## What the exercise asks
Each line of the data has to be transcribed exactly.

## Task material
lemma grassmann_delsarte_bound_eq:
  fixes N m t b :: real
  assumes "1 \<le> m" "2 * m \<le> N" "0 < t"
  defines "M \<equiv> m - m\<^sup>2 / N"
  defines "d \<equiv> 2 * m * (N - m) / (N * (N - 1) * (N + 2))"
  defines "c \<equiv> 2 * m\<^sup>2 * (N - m)\<^sup>2 / (N\<^sup>2 * (N - 1) * (N + 2))"
  shows "(M - t) * (M + c / t)\<^sup>2 / (c / t * (c + b * t - t\<^sup>2)) =
    (M - t) * (t + d)\<^sup>2 * (N - 1) * (N + 2) / (2 * t * (- t\<^sup>2 + b * t + c))"
proof -
  have "0 < d"
    unfolding d_def using assms(1,2) by (intro divide_pos_pos mult_pos_pos) auto
  have "M = m * (N - m) / N"
    unfolding M_def using assms(1,2) by (simp add: field_simps power2_eq_square)
  then have "0 < M"
    using assms(1,2) by simp
  have c: "c = M * d" and K: "(N - 1) * (N + 2) = 2 * M / d"
    unfolding c_def d_def M_def using assms(1,2) by (simp_all add: field_simps power2_eq_square)
  have "(M - t) * (M + M * d / t)\<^sup>2 / (M * d / t * Q) = (M - t) * (t + d)\<^sup>2 * (2 * M / d) / (2 * t * Q)"
    for Q
    using \<open>0 < t\<close> \<open>0 < d\<close> \<open>0 < M\<close> by (cases "Q = 0") (simp_all add: field_simps power2_eq_square)
  moreover have "(M - t) * (t + d)\<^sup>2 * (N - 1) * (N + 2) = (M - t) * (t + d)\<^sup>2 * (2 * M / d)"
    unfolding K[symmetric] by (simp only: mult.assoc)
  moreover have "- t\<^sup>2 + b * t + c = c + b * t - t\<^sup>2"
    by simp
  ultimately show ?thesis
    unfolding c by (simp only:)
qed

theorem theorem3p2:
  fixes C :: "(real ^ 'n) set set" and m :: nat and \<delta> :: real and N s d b c :: real
  defines "N \<equiv> real CARD('n)"
  defines "s \<equiv> real m - \<delta>\<^sup>2"
  defines "d \<equiv> 2 * m * (N - m) / (N * (N - 1) * (N + 2))"
  defines "b \<equiv> 4 * (N - 2 * m)\<^sup>2 / (N * (N - 2) * (N + 4))"
  defines "c \<equiv> 2 * m\<^sup>2 * (N - m)\<^sup>2 / (N\<^sup>2 * (N - 1) * (N + 2))"
  assumes "1 \<le> m" and "2 * m \<le> CARD('n)" and "\<delta> > 0"
    and "m\<^sup>2 / N < s" and "s < m\<^sup>2 / N + b / 2 + sqrt (b\<^sup>2 / 4 + c)"
    and "delta_code m \<delta> C"
  shows "real (card C) \<le>
    (m - s) * (s - m\<^sup>2 / N + d)\<^sup>2 * (N - 1) * (N + 2) /
    (2 * (s - m\<^sup>2 / N) * (- (s - m\<^sup>2 / N)\<^sup>2 + b * (s - m\<^sup>2 / N) + c))"
proof -
  have m: "1 \<le> real m" "2 * real m \<le> N"
    using assms(6,7) unfolding N_def by simp_all
  have code: "finite C" "C \<subseteq> grassmannian m"
    "\<And>p q. p \<in> C \<Longrightarrow> q \<in> C \<Longrightarrow> p \<noteq> q \<Longrightarrow> \<delta> \<le> chordal_dist p q"
    using assms(11) unfolding delta_code_def by auto
  define u where "u p q = mat_inner (centered_proj m p) (centered_proj m q)" for p q :: "(real^'n) set"
  define M where "M = real m - (real m)\<^sup>2 / N"
  define t where "t = s - (real m)\<^sup>2 / N"
  have "0 < c"
    unfolding c_def using m by (intro divide_pos_pos mult_pos_pos) auto
  have "0 < t" "t \<le> M"
    using assms(9) unfolding t_def M_def s_def by simp_all
  have diag: "u p p = M" if "p \<in> C" for p
    using code(2) that unfolding u_def M_def N_def by (simp add: mat_inner_centered_proj_self subsetD)
  have off_diag: "u p q \<le> t" if "p \<in> C" "q \<in> C" "p \<noteq> q" for p q
    using mat_inner_centered_proj_le[of p m q \<delta>] code that assms(8)
    unfolding u_def t_def s_def N_def by fastforce
  have "0 < c + b * t - t\<^sup>2"
    using quadratic_pos_below_root[OF \<open>0 < c\<close> \<open>0 < t\<close>, of b] assms(10) unfolding t_def by simp
  from delsarte_cubic_bound[OF code(1) diag off_diag \<open>0 < t\<close> \<open>t \<le> M\<close> \<open>0 < c\<close> this
      centered_proj_gram_sums_nonneg[OF code(2), folded N_def, folded b_def c_def u_def]]
  have "real (card C) \<le> (M - t) * (M + c / t)\<^sup>2 / (c / t * (c + b * t - t\<^sup>2))" .
  also have "\<dots> = (m - s) * (s - m\<^sup>2 / N + d)\<^sup>2 * (N - 1) * (N + 2) /
      (2 * (s - m\<^sup>2 / N) * (- (s - m\<^sup>2 / N)\<^sup>2 + b * (s - m\<^sup>2 / N) + c))"
    unfolding M_def c_def d_def using grassmann_delsarte_bound_eq[OF m \<open>0 < t\<close>]
    by (simp add: t_def s_def)
  finally show ?thesis .
qed

end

## Answer section
lemma grassmann_delsarte_bound_eq:
  fixes N m t b :: real
  assumes "1 \<le> m" "2 * m \<le> N" "0 < t"
  defines "M \<equiv> m - m\<^sup>2 / N"
  defines "d \<equiv> 2 * m * (N - m) / (N * (N - 1) * (N + 2))"
  defines "c \<equiv> 2 * m\<^sup>2 * (N - m)\<^sup>2 / (N\<^sup>2 * (N - 1) * (N + 2))"
  shows "(M - t) * (M + c / t)\<^sup>2 / (c / t * (c + b * t - t\<^sup>2)) =
    (M - t) * (t + d)\<^sup>2 * (N - 1) * (N + 2) / (2 * t * (- t\<^sup>2 + b * t + c))"
proof -
  have "0 < d"
    unfolding d_def using assms(1,2) by (intro divide_pos_pos mult_pos_pos) auto
  have "M = m * (N - m) / N"
    unfolding M_def using assms(1,2) by (simp add: field_simps power2_eq_square)
  then have "0 < M"
    using assms(1,2) by simp
  have c: "c = M * d" and K: "(N - 1) * (N + 2) = 2 * M / d"
    unfolding c_def d_def M_def using assms(1,2) by (simp_all add: field_simps power2_eq_square)
  have "(M - t) * (M + M * d / t)\<^sup>2 / (M * d / t * Q) = (M - t) * (t + d)\<^sup>2 * (2 * M / d) / (2 * t * Q)"
    for Q
    using \<open>0 < t\<close> \<open>0 < d\<close> \<open>0 < M\<close> by (cases "Q = 0") (simp_all add: field_simps power2_eq_square)
  moreover have "(M - t) * (t + d)\<^sup>2 * (N - 1) * (N + 2) = (M - t) * (t + d)\<^sup>2 * (2 * M / d)"
    unfolding K[symmetric] by (simp only: mult.assoc)
  moreover have "- t\<^sup>2 + b * t + c = c + b * t - t\<^sup>2"
    by simp
  ultimately show ?thesis
    unfolding c by (simp only:)
qed

theorem theorem3p2:
  fixes C :: "(real ^ 'n) set set" and m :: nat and \<delta> :: real and N s d b c :: real
  defines "N \<equiv> real CARD('n)"
  defines "s \<equiv> real m - \<delta>\<^sup>2"
  defines "d \<equiv> 2 * m * (N - m) / (N * (N - 1) * (N + 2))"
  defines "b \<equiv> 4 * (N - 2 * m)\<^sup>2 / (N * (N - 2) * (N + 4))"
  defines "c \<equiv> 2 * m\<^sup>2 * (N - m)\<^sup>2 / (N\<^sup>2 * (N - 1) * (N + 2))"
  assumes "1 \<le> m" and "2 * m \<le> CARD('n)" and "\<delta> > 0"
    and "m\<^sup>2 / N < s" and "s < m\<^sup>2 / N + b / 2 + sqrt (b\<^sup>2 / 4 + c)"
    and "delta_code m \<delta> C"
  shows "real (card C) \<le>
    (m - s) * (s - m\<^sup>2 / N + d)\<^sup>2 * (N - 1) * (N + 2) /
    (2 * (s - m\<^sup>2 / N) * (- (s - m\<^sup>2 / N)\<^sup>2 + b * (s - m\<^sup>2 / N) + c))"
proof -
  have m: "1 \<le> real m" "2 * real m \<le> N"
    using assms(6,7) unfolding N_def by simp_all
  have code: "finite C" "C \<subseteq> grassmannian m"
    "\<And>p q. p \<in> C \<Longrightarrow> q \<in> C \<Longrightarrow> p \<noteq> q \<Longrightarrow> \<delta> \<le> chordal_dist p q"
    using assms(11) unfolding delta_code_def by auto
  define u where "u p q = mat_inner (centered_proj m p) (centered_proj m q)" for p q :: "(real^'n) set"
  define M where "M = real m - (real m)\<^sup>2 / N"
  define t where "t = s - (real m)\<^sup>2 / N"
  have "0 < c"
    unfolding c_def using m by (intro divide_pos_pos mult_pos_pos) auto
  have "0 < t" "t \<le> M"
    using assms(9) unfolding t_def M_def s_def by simp_all
  have diag: "u p p = M" if "p \<in> C" for p
    using code(2) that unfolding u_def M_def N_def by (simp add: mat_inner_centered_proj_self subsetD)
  have off_diag: "u p q \<le> t" if "p \<in> C" "q \<in> C" "p \<noteq> q" for p q
    using mat_inner_centered_proj_le[of p m q \<delta>] code that assms(8)
    unfolding u_def t_def s_def N_def by fastforce
  have "0 < c + b * t - t\<^sup>2"
    using quadratic_pos_below_root[OF \<open>0 < c\<close> \<open>0 < t\<close>, of b] assms(10) unfolding t_def by simp
  from delsarte_cubic_bound[OF code(1) diag off_diag \<open>0 < t\<close> \<open>t \<le> M\<close> \<open>0 < c\<close> this
      centered_proj_gram_sums_nonneg[OF code(2), folded N_def, folded b_def c_def u_def]]
  have "real (card C) \<le> (M - t) * (M + c / t)\<^sup>2 / (c / t * (c + b * t - t\<^sup>2))" .
  also have "\<dots> = (m - s) * (s - m\<^sup>2 / N + d)\<^sup>2 * (N - 1) * (N + 2) /
      (2 * (s - m\<^sup>2 / N) * (- (s - m\<^sup>2 / N)\<^sup>2 + b * (s - m\<^sup>2 / N) + c))"
    unfolding M_def c_def d_def using grassmann_delsarte_bound_eq[OF m \<open>0 < t\<close>]
    by (simp add: t_def s_def)
  finally show ?thesis .
qed

end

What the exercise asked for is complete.